*Exercise*
After finding the line with "The pre-treatment history" in the entries below, retype exactly each line from there through the line with "using assms(1,2) by (simp", including that final line.

*Task data*
▽
(* Assume the no-anticipation, common-support and transition-independence conditions stated in the context. Then for every $t=T_0+1,\dots,T$, \[ \boldsymbol\mu^{\mathrm{ATT}}_t=\mathbb{E}\Big[\mathbf X_t-\mathbb{E}\big[\mathbf X_t\mid \mathbf X_1^{T_0},D=0\big]\;\Big|\;D=1\Big]. \]
   Context: Fix integers $T_0\ge1$, $T_1\ge1$, $T=T_0+T_1$, $K\ge2$, and a set of $K$ outcome categories $\mathcal Y=\{\bar y^{(1)},\dots,\bar y^{(K)}\}$. On a probability space, a unit has a binary treatment indicator $D\in\{0,1\}$ (treated units, $D=1$, are untreated in periods $1,\dots,T_0$ and treated in all periods $T_0+1,\dots,T$; control units are never treated) and potential outcomes $Y_t(0),Y_t(1)\in\mathcal Y$, $t=1,\dots,T$. For $d\in\{0,1\}$ let $\mathbf X_t(d)=(\mathbf 1(Y_t(d)=\bar y^{(1)}),\dots,\mathbf 1(Y_t(d)=\bar y^{(K)}))^\top\in\mathcal X:=\{x\in\{0,1\}^K:\sum_{k=1}^K x^{(k)}=1\}$. The observed outcome vectors are $\mathbf X_t=\mathbf X_t(0)$ for $1\le t\le T_0$ and $\mathbf X_t=D\mathbf X_t(1)+(1-D)\mathbf X_t(0)$ for $t\ge T_0+1$. Write $\mathbf X_1^{T_0}=(\mathbf X_1,\dots,\mathbf X_{T_0})$ and $\mathbf X_1^{T_0}(0)=(\mathbf X_1(0),\dots,\mathbf X_{T_0}(0))$. The average treatment effect on the treated is $\boldsymbol\mu^{\mathrm{ATT}}_t=\mathbb{E}[\mathbf X_t(1)-\mathbf X_t(0)\mid D=1]$ for $t\ge T_0+1$. Conditional probabilities/expectations are taken only given events of positive probability. No anticipation: $\mathbf X_t(1)=\mathbf X_t(0)$ for all $t\in\{1,\dots,T_0\}$. Common support: there is $\epsilon>0$ such that for every $\mathbf x_1^{T_0}\in\mathcal X^{T_0}$ with $\Pr(\mathbf X_1^{T_0}=\mathbf x_1^{T_0})>0$, $\epsilon\le\Pr(D=1\mid\mathbf X_1^{T_0}=\mathbf x_1^{T_0})<1-\epsilon$. Transition independence: for every $t=T_0+1,\dots,T$, all $\mathbf x_t\in\mathcal X$ and all $\mathbf x_1^{T_0}\in\mathcal X^{T_0}$, $\Pr(\mathbf X_t(0)=\mathbf x_t\mid \mathbf X_1^{T_0}(0)=\mathbf x_1^{T_0},D=1)=\Pr(\mathbf X_t(0)=\mathbf x_t\mid \mathbf X_1^{T_0}(0)=\mathbf x_1^{T_0},D=0)$. *)

theory Defs
  imports "HOL-Probability.Probability"
begin

text \<open>Outcome vectors: the one-hot encoding in {0,1}^K, represented as a function
  nat \<Rightarrow> real with support in {1..K}; category k is ybar k.\<close>
definition onehot :: "nat \<Rightarrow> (nat \<Rightarrow> 'y) \<Rightarrow> 'y \<Rightarrow> nat \<Rightarrow> real" where
  "onehot K ybar y = (\<lambda>k. if 1 \<le> k \<and> k \<le> K \<and> y = ybar k then 1 else 0)"

definition Xset :: "nat \<Rightarrow> (nat \<Rightarrow> real) set" where
  "Xset K = {x. (\<forall>k. x k \<in> {0, 1}) \<and> (\<forall>k. k \<notin> {1..K} \<longrightarrow> x k = 0)
              \<and> (\<Sum>k=1..K. x k) = 1}"

definition Yobs :: "nat \<Rightarrow> ('a \<Rightarrow> bool) \<Rightarrow> (nat \<Rightarrow> 'a \<Rightarrow> 'y) \<Rightarrow> (nat \<Rightarrow> 'a \<Rightarrow> 'y)
    \<Rightarrow> nat \<Rightarrow> 'a \<Rightarrow> 'y" where
  "Yobs T0 D Y0 Y1 t \<omega> = (if t \<le> T0 then Y0 t \<omega> else if D \<omega> then Y1 t \<omega> else Y0 t \<omega>)"

definition hist_event :: "'a measure \<Rightarrow> nat \<Rightarrow> (nat \<Rightarrow> 'y) \<Rightarrow> nat \<Rightarrow> (nat \<Rightarrow> 'a \<Rightarrow> 'y)
    \<Rightarrow> (nat \<Rightarrow> nat \<Rightarrow> real) \<Rightarrow> 'a set" where
  "hist_event M K ybar T0 Y xs =
     {\<omega> \<in> space M. \<forall>t\<in>{1..T0}. onehot K ybar (Y t \<omega>) = xs t}"

definition cprob :: "'a measure \<Rightarrow> 'a set \<Rightarrow> 'a set \<Rightarrow> real" where
  "cprob M A B = measure M (A \<inter> B) / measure M B"

definition cexp :: "'a measure \<Rightarrow> ('a \<Rightarrow> real) \<Rightarrow> 'a set \<Rightarrow> real" where
  "cexp M f B = (\<integral>\<omega>. f \<omega> * indicator B \<omega> \<partial>M) / measure M B"

end

theory Submission
  imports Defs
begin

text \<open>
  Fix a post-treatment period t and a category k, and let A be the treated event and F the event
  that Y_t(0) is the k-th category. On A the observed outcome is Y_t(1), so both sides contain
  E[X_t(1)_k; A] and the claim reduces to E[P(F | history, D = 0); A] = P(F \<inter> A).
  The pre-treatment history takes finitely many values, so its level sets form a finite partition
  into cells. In a cell that meets A with positive probability, common support makes the controls
  of that cell non-negligible as well, and transition independence gives
  P(F | cell, D = 0) = P(F | cell, D = 1). Summing P(F | cell \<inter> A) P(cell \<inter> A) over the cells
  yields P(F \<inter> A).
\<close>

lemma cexp_cong: "(\<And>\<omega>. \<omega> \<in> B \<Longrightarrow> f \<omega> = g \<omega>) \<Longrightarrow> cexp M f B = cexp M g B"
  unfolding cexp_def by (auto simp: indicator_def intro!: Bochner_Integration.integral_cong)

lemma (in finite_measure) cexp_indicator:
  assumes "F \<in> sets M" "B \<in> sets M"
  shows "cexp M (indicator F) B = cprob M F B"
  using assms by (simp add: cexp_def cprob_def indicator_inter_arith[symmetric])

lemma (in finite_measure) cexp_diff_eq_of_has_bochner_integral:
  assumes "integrable M (\<lambda>\<omega>. f \<omega> * indicator B \<omega>)"
    and "has_bochner_integral M (\<lambda>\<omega>. g \<omega> * indicator B \<omega>) I"
    and "has_bochner_integral M (\<lambda>\<omega>. h \<omega> * indicator B \<omega>) I"
  shows "cexp M (\<lambda>\<omega>. f \<omega> - g \<omega>) B = cexp M (\<lambda>\<omega>. f \<omega> - h \<omega>) B"
proof -
  have "(\<integral>\<omega>. (f \<omega> - g \<omega>) * indicator B \<omega> \<partial>M) = (\<integral>\<omega>. f \<omega> * indicator B \<omega> \<partial>M) - I"
    using assms(1,2) by (simp add: left_diff_distrib has_bochner_integral_iff)
  moreover have "(\<integral>\<omega>. (f \<omega> - h \<omega>) * indicator B \<omega> \<partial>M) = (\<integral>\<omega>. f \<omega> * indicator B \<omega> \<partial>M) - I"
    using assms(1,3) by (simp add: left_diff_distrib has_bochner_integral_iff)
  ultimately show ?thesis by (simp add: cexp_def)
qed

lemma (in finite_measure) measure_Diff_pos_of_cprob_less_1:
  assumes "A \<in> sets M" "E \<in> sets M" "measure M (E \<inter> A) > 0" "cprob M A E < 1"
  shows "measure M (E - A) > 0"
proof -
  have "measure M (E \<inter> A) \<le> measure M E"
    using assms(1,2) by (intro finite_measure_mono) auto
  then have "measure M (A \<inter> E) < measure M E"
    using assms(3,4) by (simp add: cprob_def Int_commute divide_less_eq)
  then show ?thesis
    using finite_measure_Diff'[OF assms(2,1)] by (simp add: Int_commute)
qed

lemma (in finite_measure) has_bochner_integral_label_indicator:
  assumes fin: "finite (\<rho> ` space M)"
    and cells: "\<And>h. h \<in> \<rho> ` space M \<Longrightarrow> \<rho> -` {h} \<inter> space M \<in> sets M"
    and B: "B \<in> sets M"
  shows "has_bochner_integral M (\<lambda>\<omega>. c (\<rho> \<omega>) * indicator B \<omega>)
           (\<Sum>h\<in>\<rho> ` space M. c h * measure M (\<rho> -` {h} \<inter> space M \<inter> B))"
proof -
  have "has_bochner_integral M (\<lambda>\<omega>. \<Sum>h\<in>\<rho> ` space M. c h * indicator (\<rho> -` {h} \<inter> space M \<inter> B) \<omega>)
          (\<Sum>h\<in>\<rho> ` space M. c h * measure M (\<rho> -` {h} \<inter> space M \<inter> B))"
    using cells B by (intro has_bochner_integral_sum has_bochner_integral_mult_right
        has_bochner_integral_real_indicator) (auto simp: less_top[symmetric])
  moreover have "c (\<rho> \<omega>) * indicator B \<omega>
      = (\<Sum>h\<in>\<rho> ` space M. c h * indicator (\<rho> -` {h} \<inter> space M \<inter> B) \<omega>)" if "\<omega> \<in> space M" for \<omega>
  proof -
    have "(\<Sum>h\<in>\<rho> ` space M. c h * indicator (\<rho> -` {h} \<inter> space M \<inter> B) \<omega>)
        = (\<Sum>h\<in>\<rho> ` space M. if h = \<rho> \<omega> then c (\<rho> \<omega>) * indicator B \<omega> else 0)"
      using that by (intro sum.cong) (auto simp: indicator_def)
    then show ?thesis using fin that by simp
  qed
  ultimately show ?thesis by (simp cong: has_bochner_integral_cong)
qed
△
*Task answer*
  The pre-treatment history takes finitely many values, so its level sets form a finite partition
  into cells. In a cell that meets A with positive probability, common support makes the controls
  of that cell non-negligible as well, and transition independence gives
  P(F | cell, D = 0) = P(F | cell, D = 1). Summing P(F | cell \<inter> A) P(cell \<inter> A) over the cells
  yields P(F \<inter> A).
\<close>

lemma cexp_cong: "(\<And>\<omega>. \<omega> \<in> B \<Longrightarrow> f \<omega> = g \<omega>) \<Longrightarrow> cexp M f B = cexp M g B"
  unfolding cexp_def by (auto simp: indicator_def intro!: Bochner_Integration.integral_cong)

lemma (in finite_measure) cexp_indicator:
  assumes "F \<in> sets M" "B \<in> sets M"
  shows "cexp M (indicator F) B = cprob M F B"
  using assms by (simp add: cexp_def cprob_def indicator_inter_arith[symmetric])

lemma (in finite_measure) cexp_diff_eq_of_has_bochner_integral:
  assumes "integrable M (\<lambda>\<omega>. f \<omega> * indicator B \<omega>)"
    and "has_bochner_integral M (\<lambda>\<omega>. g \<omega> * indicator B \<omega>) I"
    and "has_bochner_integral M (\<lambda>\<omega>. h \<omega> * indicator B \<omega>) I"
  shows "cexp M (\<lambda>\<omega>. f \<omega> - g \<omega>) B = cexp M (\<lambda>\<omega>. f \<omega> - h \<omega>) B"
proof -
  have "(\<integral>\<omega>. (f \<omega> - g \<omega>) * indicator B \<omega> \<partial>M) = (\<integral>\<omega>. f \<omega> * indicator B \<omega> \<partial>M) - I"
    using assms(1,2) by (simp add: left_diff_distrib has_bochner_integral_iff)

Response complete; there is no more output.